(Input material)

lemma limit_word_ones_block:
  assumes "m \<le> j"
  shows "\<exists>p\<ge>length (subst_pow m (orbit_word t j)). \<forall>q<k. limit_word t m (p + q)"
proof -
  define A where "A = subst_pow m (orbit_word t j)"
  obtain V where "sublist (replicate k True) V"
      and V: "prefix (A @ V) (subst_pow m (orbit_word t (Suc j)))"
    using ones_block_before_stage_time[of m j t] less_stage_time[of j] assms by (auto simp: A_def)
  then obtain a b where X: "prefix (A @ a @ replicate k True @ b) (subst_pow m (orbit_word t (Suc j)))"
    by (auto simp: sublist_def)
  have "limit_word t m (length A + length a + q)" if "q < k" for q
  proof -
    have i: "length A + length a + q < length (A @ a @ replicate k True @ b)"
      using that by simp
    have "limit_word t m (length A + length a + q) = (A @ a @ replicate k True @ b) ! (length A + length a + q)"
      using limit_word_nth[OF less_le_trans[OF i prefix_length_le[OF X]]] prefix_nth[OF X i] by simp
    then show ?thesis
      using that by (simp add: nth_append)
  qed
  then show ?thesis
    by (intro exI[of _ "length A + length a"]) (simp add: A_def)
qed

lemma limit_word_infinitely_many: "\<forall>N. \<exists>p\<ge>N. limit_word t m p"
proof
  fix N
  obtain p where p: "length (subst_pow m (orbit_word t (m + N))) \<le> p"
      "\<forall>q<k. limit_word t m (p + q)"
    using limit_word_ones_block[of m "m + N" t] by auto
  have "limit_word t m (p + 0)"
    using p(2) k_pos by blast
  then show "\<exists>p\<ge>N. limit_word t m p"
    using p(1) length_subst_pow_orbit_word[of N m t] by (auto intro: le_trans)
qed

lemma limit_word_at_stage_time:
  assumes "i < length (planted j (target_bit t j))"
  shows "limit_word t (stage_time j) i = planted j (target_bit t j) ! i"
proof -
  have "map (limit_word t (stage_time j)) [0..<length (planted j (target_bit t j))] ! i =
      planted j (target_bit t j) ! i"
    by (simp only: map_limit_word[OF planted_at_stage_time])
  then show ?thesis
    using assms by simp
qed

lemma sigma_val_limit_word: "sigma_val s k (limit_word t m) = inf_val (limit_word t (Suc m))"
proof (rule sigma_val_eq_inf_val)
  fix n
  define A where "A = subst_pow m (orbit_word t (m + n))"
  have "prefix (take n A) A" by (rule take_is_prefix)
  then have u: "map (limit_word t m) [0..<n] = take n A"
    using map_limit_word[of "take n A"] length_subst_pow_orbit_word[of n m t] by (simp add: A_def)
  have "prefix (subst_at 0 (take n A)) (subst_pow (Suc m) (orbit_word t (m + n)))"
    using prefix_subst_at[OF take_is_prefix] by (simp add: A_def)
  from map_limit_word[OF this] subst_at_map_upt(1)[of "limit_word t m" n]
  show "subst_at 0 (map (limit_word t m) [0..<n]) =
      map (limit_word t (Suc m)) [0..<pref_len s k (limit_word t m) n]"
    unfolding u by simp
next
  fix N
  define A where "A = subst_pow m (orbit_word t (Suc m + N))"
  have "map (limit_word t m) [0..<length A] = A"
    using map_limit_word[of A m t "Suc m + N"] by (simp add: A_def)
  then have "pref_len s k (limit_word t m) (length A) = length (subst_pow (Suc m) (orbit_word t (Suc m + N)))"
    using subst_at_map_upt(1)[of "limit_word t m" "length A"] by (simp add: A_def)
  then show "\<exists>n. N \<le> pref_len s k (limit_word t m) n"
    using length_subst_pow_orbit_word[of N "Suc m" t] by (metis add_Suc)
qed

lemma orbit_limit_word: "(f_sigma s k ^^ n) (inf_val (limit_word t 0)) = inf_val (limit_word t n)"
proof (induction n)
  case (Suc n)
  obtain p where "\<forall>q<k. limit_word t n (p + q)"
    using limit_word_ones_block[of n n t] by auto
  with Suc.IH show ?case
    by (simp add: f_sigma_inf_val[OF limit_word_infinitely_many] sigma_val_limit_word)
qed simp

lemma orbits_close:
  assumes "target_bit t j = target_bit t' j"
  shows "\<bar>inf_val (limit_word t (stage_time j)) - inf_val (limit_word t' (stage_time j))\<bar> \<le> 1 / 2 ^ j"
proof (rule inf_val_close)
  fix i assume "i < j"
  then show "limit_word t (stage_time j) i = limit_word t' (stage_time j) i"
    using limit_word_at_stage_time[of i j t] limit_word_at_stage_time[of i j t'] assms
    by (simp add: planted_def)
qed
(* Let $L$ be a category, $C:L\to\mathbf{Pos}$ an interpretation (resp. a normal interpretation), $\{A(a)\}_{a\in\mathrm{Obj}(L)}$ a family of posets, and $G=\{(\alpha_a:C(a)\to A(a),\ \gamma_a:A(a)\to C(a))\}_{a}$ a family of Galois connections $\alpha_a\dashv\gamma_a$ (resp. Galois insertions). Define $C^G(a)=A(a)$ and, for $f:a\to b$ in $L$, $C^G(f)=\alpha_b\circ C(f)\circ\gamma_a$. Then: (i) $C^G:L\to\mathbf{Pos}$ is an interpretation (resp. a normal interpretation). (ii) $\gamma=\{\gamma_a\}$ is a concretization of interpretation from $C^G$ to $C$; moreover, for every interpretation $A':L\to\mathbf{Pos}$ with $A'(a)=A(a)$ for all $a$, if $\gamma$ is a concretization of interpretation from $A'$ to $C$, then $C^G\le A'$. (iii) $\alpha=\{\alpha_a\}$ is an abstraction of interpretation from $C$ to $C^G$; moreover, for every interpretation $A'$ with $A'(a)=A(a)$ for all $a$, if $\alpha$ is an abstraction of interpretation from $C$ to $A'$, then $C^G\le A'$.
   Context: $\mathbf{Pos}$ is the category of posets and monotone maps; monotone maps $X\to Y$ are ordered pointwise. An interpretation $F:L\to\mathbf{Pos}$ (oplax functor) consists of a poset $F(a)$ for each object $a$ and a monotone map $F(f):F(a)\to F(b)$ for each morphism $f:a\to b$, such that $F(\mathrm{id}_a)\le\mathrm{id}_{F(a)}$ and $F(g\circ f)\le F(g)\circ F(f)$. It is normal if $F(\mathrm{id}_a)=\mathrm{id}_{F(a)}$. For interpretations $F,G$, $F\le G$ means $F(a)=G(a)$ for all objects $a$ and $F(f)\le G(f)$ for all morphisms $f$. A Galois connection $\alpha\dashv\gamma$ between posets $C$ and $A$ is a pair of monotone maps $\alpha:C\to A$, $\gamma:A\to C$ with $\alpha(c)\le a\iff c\le\gamma(a)$; it is a Galois insertion if moreover $\alpha\circ\gamma=\mathrm{id}$. Given interpretations $A,C$, a family of monotone maps $\gamma_a:A(a)\to C(a)$ is a concretization of interpretation from $A$ to $C$ if $C(f)\circ\gamma_a\le\gamma_b\circ A(f)$ for all $f:a\to b$; a family $\alpha_a:C(a)\to A(a)$ is an abstraction of interpretation from $C$ to $A$ if $\alpha_b\circ C(f)\le A(f)\circ\alpha_a$ for all $f:a\to b$. *)

theory Defs
  imports Main
begin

(End Input material)

What is needed – Print exactly, and only, the lines beginning at the top of the listing and ending at the line with "obtain V where".

Solution –
lemma limit_word_ones_block:
  assumes "m \<le> j"
  shows "\<exists>p\<ge>length (subst_pow m (orbit_word t j)). \<forall>q<k. limit_word t m (p + q)"
proof -
  define A where "A = subst_pow m (orbit_word t j)"
  obtain V where "sublist (replicate k True) V"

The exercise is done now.